The move put the self-driving car under development by the tech titan — codename: Project Titan — at the center of a flurry of speculation, opinion and analysis. Citing documents it had obtained, the Guardian reported that Mike Maletic, a senior legal counsel, “had an hour-long meeting on 17 August with the department’s self-driving car experts Bernard Soriano, DMV deputy director, and Stephanie Dougherty, chief of strategic planning, who are co-sponsors of California’s autonomous vehicle regulation project, and Brian Soublet, the department’s deputy director and chief counsel.”

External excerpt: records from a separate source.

(* Let $r\ge 1$ and let $H$ be a multi-hypergraph in which every hyperedge has size at most $r$, let $\mathcal{M}$ be a matroid of rank $d\ge 1$ and $\gamma\colon E(H)\to E(\mathcal{M})$. Then at least one of the following holds: (1) $(H,\gamma)$ contains an independent matching of size $d$; or (2) there exist an integer $k\ge 1$ and a vertex set $U\subseteq V(H)$ with $|U|\le(2r-1)(k-1)$ such that $H-U$ contains an independent matching $M$ of size $d-k$ with $\mathrm{span}(\gamma(M))=\mathrm{span}(\gamma(E(H-U)))$.
   Context: A multi-hypergraph $H=(V,E)$ consists of a finite set $V$ and a multiset $E$ of non-empty subsets of $V$ (hyperedges); distinct copies of the same subset are distinct hyperedges and may receive different labels. For $U\subseteq V(H)$, $H-U$ has vertex set $V(H)\setminus U$ and all hyperedges of $H$ disjoint from $U$, with the labelling restricted accordingly. $\mathrm{span}$ denotes the closure operator of $\mathcal{M}$. An independent matching in $(H,\gamma)$ is a collection $M$ of pairwise vertex-disjoint hyperedges with pairwise distinct labels such that $\gamma(M)$ is independent in $\mathcal{M}$ (the empty collection qualifies). *)

theory Defs
  imports Main
begin

definition matroid :: "'b set \<Rightarrow> ('b set \<Rightarrow> bool) \<Rightarrow> bool" where
  "matroid E indep \<longleftrightarrow> finite E \<and> indep {} \<and>
     (\<forall>X. indep X \<longrightarrow> X \<subseteq> E) \<and>
     (\<forall>X Y. indep X \<longrightarrow> Y \<subseteq> X \<longrightarrow> indep Y) \<and>
     (\<forall>X Y. indep X \<longrightarrow> indep Y \<longrightarrow> card X < card Y \<longrightarrow>
        (\<exists>y\<in>Y - X. indep (insert y X)))"

definition mrank :: "('b set \<Rightarrow> bool) \<Rightarrow> 'b set \<Rightarrow> nat" where
  "mrank indep X = Max (card ` {I. I \<subseteq> X \<and> indep I})"
(* Let $\mathbb{F}$ be a finite field. For every $k\in\mathbb{N}$ there exists a CMSO formula $\mathrm{cc}(X,Z,\langle Y_1\rangle,\dots,\langle Y_k\rangle)$ over $\Sigma_{\mathbb{F}}$ such that for every matrix $A$ over $\mathbb{F}$, all sets $S\subseteq T$ of columns of $A$ and all virtual columns $\langle Q_1\rangle,\dots,\langle Q_k\rangle$ of $\mathcal{S}(A)$, we have $\mathcal{S}(A)\models\mathrm{cc}(S,T,\langle Q_1\rangle,\dots,\langle Q_k\rangle)$ if and only if $S$ is a connected component of the restriction $M(A,\{v(\langle Q_1\rangle),\dots,v(\langle Q_k\rangle)\})[T]$.
   Context: $\Sigma_{\mathbb{F}}$ has unary symbols $R,C$ and binary symbols $\mathrm{Entry}_\alpha$ ($\alpha\in\mathbb{F}$). For a matrix $A$ with rows $r_1,\dots,r_m$, $\mathcal{S}(A)$ has universe rows $\cup$ columns, $R$ = rows, $C$ = columns, $\mathrm{Entry}_\alpha=\{(r,c):A(r,c)=\alpha\}$. CMSO is monadic second-order logic with predicates $\mathrm{mod}_{a,b}(X)$ meaning $|X|\equiv a\pmod b$. A virtual column is a family $\langle Q\rangle=\{Q_\alpha\}_{\alpha\in\mathbb{F}}$ of pairwise disjoint sets of rows covering all rows, with vector $v(\langle Q\rangle)\in\mathbb{F}^m$ whose $i$-th coordinate is $\alpha$ where $r_i\in Q_\alpha$; in formulas it is an $\mathbb{F}$-indexed tuple of set variables. For $v_1,\dots,v_k\in\mathbb{F}^m$, $M(A,\{v_1,\dots,v_k\})$ is the matroid on the columns of $A$ in which a set $\{u_1,\dots,u_\ell\}$ is dependent iff there exist $\alpha_i$, not all $0$, with $\sum_i\alpha_iu_i\in\mathrm{span}(v_1,\dots,v_k)$. $M[T]$ is the restriction to $T$; a connected component is an inclusion-wise maximal set any two elements of which lie in a common circuit. *)

theory Defs
  imports Main
begin

datatype ('f, 'x, 'v) cmso =
    AtR 'x
  | AtC 'x
  | AtEntry 'f 'x 'x
  | AtEq 'x 'x
  | AtMem 'x 'v
  | ModP nat nat 'v
  | Neg "('f, 'x, 'v) cmso"
  | Conj "('f, 'x, 'v) cmso" "('f, 'x, 'v) cmso"
  | ExFO 'x "('f, 'x, 'v) cmso"
  | ExSO 'v "('f, 'x, 'v) cmso"

record ('f, 'u) sstruct =
  univ :: "'u set"
  relR :: "'u set"
  relC :: "'u set"
  relEntry :: "'f \<Rightarrow> ('u \<times> 'u) set"
(* For each $i\ge1$ let $f_i$ be a non-negative completely multiplicative function with $f_i(p) < 1$ for every prime $p$, and let $y_i \to \infty$ be a sequence of parameters. Define $\alpha_i = \frac{(\log \log y_i)^2}{\log y_i}$. Suppose that for all $i$ \[ \sum_p \log p\, \frac{f_i(p)}{1-f_i(p)} < \log y_i - \frac{\log y_i}{\log \log y_i}\] and that \[\sum_{\substack{p,\,k\ge1\\ k \log p > \log y_i/(\log \log y_i)^4}} f_i(p)^k p^{k\alpha_i} = o(1), \qquad i \to \infty,\] the sums being over primes $p$. Then \[\sum_{n \leq y_i} f_i(n) = (1 + o(1)) \sum_{n = 1}^\infty f_i(n), \qquad i \to \infty.\] *)

theory Defs
  imports "HOL-Analysis.Analysis" "HOL-Library.Landau_Symbols" "HOL-Computational_Algebra.Primes"
begin

text \<open>Completely multiplicative arithmetic function (values at positive integers;
  the value at 0 is irrelevant).\<close>
definition completely_multiplicative :: "(nat \<Rightarrow> real) \<Rightarrow> bool" where
  "completely_multiplicative f \<longleftrightarrow>
     f 1 = 1 \<and> (\<forall>m n. m > 0 \<longrightarrow> n > 0 \<longrightarrow> f (m * n) = f m * f n)"

end

theory Submission
  imports Defs
begin

text \<open>Give each n \<ge> 1 the weight f n. Because f is completely multiplicative with f p < 1, the
  prime exponents of n are then independent geometric variables. From ln n = \<Sum> ln p over the
  prime powers p^k dividing n and f (p^k * m) = f p ^ k * f m, the weighted mean of ln n is
  L = \<Sum> ln p * f p / (1 - f p) over primes p, and its variance is V = \<Sum> k * (ln p)^2 * f p ^ k
  over primes p and k \<ge> 1. These rearrangements are done in ennreal, where they need no
  summability side conditions; the total weight S is finite because the partial sums satisfy
  \<Sum> f n * ln n \<le> L * \<Sum> f n.

  The hypothesis L < ln y - ln y / ln ln y puts ln y more than ln y / ln ln y above the mean,
  so by Chebyshev's inequality the weight of the n > y is at most V * S * (ln ln y / ln y)^2.
  Split V at k * ln p = ln y / (ln ln y)^4: the small terms contribute at most
  L * ln y / (ln ln y)^4, and on the large ones Rankin's trick
  k * (ln p)^2 \<le> 4 / \<alpha>^2 * p powr (k * \<alpha>) with \<alpha> = (ln ln y)^2 / ln y
  leaves 4 / \<alpha>^2 times the sum s that is assumed to tend to 0.
  The relative error is therefore at most (1 + 4 * s) / (ln ln y)^2.\<close>

section \<open>Unconditional sums in ennreal\<close>

lemma linorder_topology_separate_above:
  fixes y :: "'a::linorder_topology"
  assumes "open T" "y \<in> T"
  obtains U V where "open U" "open V" "y \<in> U" "U \<inter> V = {}" "{y<..} - T \<subseteq> V"
proof (cases "\<exists>z. y < z")
  case True
  then obtain b where b: "y < b" "{y..<b} \<subseteq> T"
    using open_right[OF assms] by blast
  show ?thesis
  proof (cases "\<exists>z. y < z \<and> z < b")
    case True
    then obtain z where "y < z" "z < b" by blast
    moreover have "{y<..} - T \<subseteq> {b..}"
      using b(2) by (auto simp: subset_iff) (meson leI less_imp_le)
    ultimately show ?thesis by (intro that[of "{..<z}" "{z<..}"]) fastforce+
  next
    case False
    with b show ?thesis by (intro that[of "{..<b}" "{y<..}"]) auto
  qed
qed (auto intro: that[of UNIV "{}"])

lemma linorder_topology_separate_below:
  fixes y :: "'a::linorder_topology"
  assumes "open T" "y \<in> T"
  obtains U V where "open U" "open V" "y \<in> U" "U \<inter> V = {}" "{..<y} - T \<subseteq> V"
proof (cases "\<exists>z. z < y")
  case True
  then obtain b where b: "b < y" "{b<..y} \<subseteq> T"
    using open_left[OF assms] by blast
  show ?thesis
  proof (cases "\<exists>z. b < z \<and> z < y")
    case True
    then obtain z where "b < z" "z < y" by blast
    moreover have "{..<y} - T \<subseteq> {..b}"
      using b(2) by (auto simp: subset_iff) (meson leI less_imp_le)
    ultimately show ?thesis by (intro that[of "{z<..}" "{..<z}"]) fastforce+
  next
    case False
    with b show ?thesis by (intro that[of "{b<..}" "{..<y}"]) auto
  qed
qed (auto intro: that[of UNIV "{}"])

(* Regularity of ennreal is needed by has_sum_SigmaD, i.e. Fubini for unconditional sums. *)
instance linorder_topology \<subseteq> t3_space
proof
  fix S :: "'a set" and y assume S: "closed S" "y \<notin> S"
  then have T: "open (- S)" "y \<in> - S" by auto
  obtain U1 V1 where 1: "open U1" "open V1" "y \<in> U1" "U1 \<inter> V1 = {}" "{y<..} - - S \<subseteq> V1"
    by (rule linorder_topology_separate_above[OF T])
  obtain U2 V2 where 2: "open U2" "open V2" "y \<in> U2" "U2 \<inter> V2 = {}" "{..<y} - - S \<subseteq> V2"
    by (rule linorder_topology_separate_below[OF T])
  have "S \<subseteq> V1 \<union> V2"
  proof
    fix s assume "s \<in> S"
    with S(2) have "s < y \<or> y < s" by (metis neqE)
    with \<open>s \<in> S\<close> 1(5) 2(5) show "s \<in> V1 \<union> V2" by auto
  qed
  with 1 2 show "\<exists>U V. open U \<and> open V \<and> y \<in> U \<and> S \<subseteq> V \<and> U \<inter> V = {}"
    by (intro exI[of _ "U1 \<inter> U2"] exI[of _ "V1 \<union> V2"]) auto
qed

(* The library's summable_on_ennreal only covers functions of the form ennreal_of_enat \<circ> g. *)
lemma ennreal_summable_on [simp]: "(g :: 'a \<Rightarrow> ennreal) summable_on A"
  by (simp add: nonneg_summable_on_complete)

lemma infsum_Sigma_ennreal:
  fixes g :: "'a \<times> 'b \<Rightarrow> ennreal"
  shows "infsum g (Sigma A B) = (\<Sum>\<^sub>\<infinity>x\<in>A. \<Sum>\<^sub>\<infinity>y\<in>B x. g (x, y))"
proof -
  have "((\<lambda>x. \<Sum>\<^sub>\<infinity>y\<in>B x. g (x, y)) has_sum infsum g (Sigma A B)) A"
    by (rule has_sum_SigmaD[OF has_sum_infsum]) (auto intro: has_sum_infsum)
  then show ?thesis by (simp add: infsumI)
qed

lemma infsum_cmult_left_ennreal:
  fixes g :: "'a \<Rightarrow> ennreal"
  shows "(\<Sum>\<^sub>\<infinity>x\<in>A. c * g x) = c * infsum g A"
proof -
  have "(\<Sum>\<^sub>\<infinity>x\<in>A. c * g x) = (SUP F\<in>{F. finite F \<and> F \<subseteq> A}. c * sum g F)"
    by (subst nonneg_infsum_complete) (simp_all add: sum_distrib_left)
  also have "\<dots> = c * infsum g A"
    by (simp add: SUP_mult_left_ennreal nonneg_infsum_complete)
  finally show ?thesis .
qed

lemma infsum_Times_mult_ennreal:
  fixes g :: "'a \<Rightarrow> ennreal" and h :: "'b \<Rightarrow> ennreal"
  shows "(\<Sum>\<^sub>\<infinity>(x, y)\<in>A \<times> B. g x * h y) = infsum g A * infsum h B"
proof -
  have "(\<Sum>\<^sub>\<infinity>(x, y)\<in>A \<times> B. g x * h y) = (\<Sum>\<^sub>\<infinity>x\<in>A. g x * infsum h B)"
    by (simp add: infsum_Sigma_ennreal infsum_cmult_left_ennreal)
  also have "\<dots> = infsum g A * infsum h B"
    by (simp add: mult.commute[of _ "infsum h B"] infsum_cmult_left_ennreal)
  finally show ?thesis .
qed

Alongside Google and Uber, that makes three Silicon Valley heavyweights lined up to crank out driverless cars at some point in the future, the Guardian added, noting “Google already has a fleet of robot cars on the streets of California and is planning to have several hundred built in the near future.”

Critical mass

But the competition in driverless cars has already heated up around the world. “According to the California DMV,” Fast Company noted, “their autonomous vehicle program has issued permits for testing to Volkswagen, Mercedes-Benz, Tesla, Nissan, BMW, and Honda, along with Google and auto component manufacturers Delphi, Bosch, and Cruise Automation.” That program, begun at the start of this year, “is working on ways to guarantee autonomous vehicles are safe, tested, and meet quality and performance benchmarks.”

The race to deploy a robocar has led those companies, plus Toyota, Ford, and GM, to line the Valley’s main thoroughfare with research laboratories. The Central Expressway, reaching roughly from Stanford University to San Jose Mineta International Airport, has become so crowded with competitors that Apple’s penchant for secrecy may be at risk if it takes its cars out for a neighborhood spin. “Although Apple recently bought a 43-acre parcel in North San Jose, it doesn’t have much room in Silicon Valley to test its automotive ideas with the secrecy that usually surrounds its tiny devices,” the San Jose Mercury News surmised. “The question is: Would it be willing to test in public?”

Busy rivals

Traffic in secrecy has run both ways, however. Whatever Apple has under wraps, the Mercury News concluded, “its actions have contributed to a frenzy from rivals — especially in the auto industry — to take ownership of autonomous technology, in-car mapping software, vehicle-to-vehicle communication and dashboard Internet applications that could reshape the way we get around in the decades to come.”

To vault to the top of the pack, however, Apple would likely have to square off against Tesla, which has enjoyed a substantial head start. “In the next few years, Tesla has the potential to become the Apple of electric cars, even if Apple enters the industry,” according to Quartz. “The company will have four models on the streets — the Roadster, the S, the X, and the 3 — by the time Apple or any other competitor is likely to have a single model. Tesla will also have its Gigafactory — a massive production facility in Nevada that can produce up to 500,000 cars a year — up and running. If Tesla can bring down its prices, its cars could become a common sight on roads.” Of course, Tesla has automotive rivals of its own, with Audi, Mercedes and Porsche all poised to deliver electric vehicles in about five years or so.

Meanwhile, few inside the auto industry have thrown in the towel on more traditional vehicles. “When it comes to actually making cars, there is no reason to assume that Apple, with no experience, will suddenly do a better job than General Motors, Ford, Volkswagen, Toyota, or Hyundai,” GM ex-chairman Bob Lutz told CNBC, predicting that Apple’s labors would become “a giant money pit.”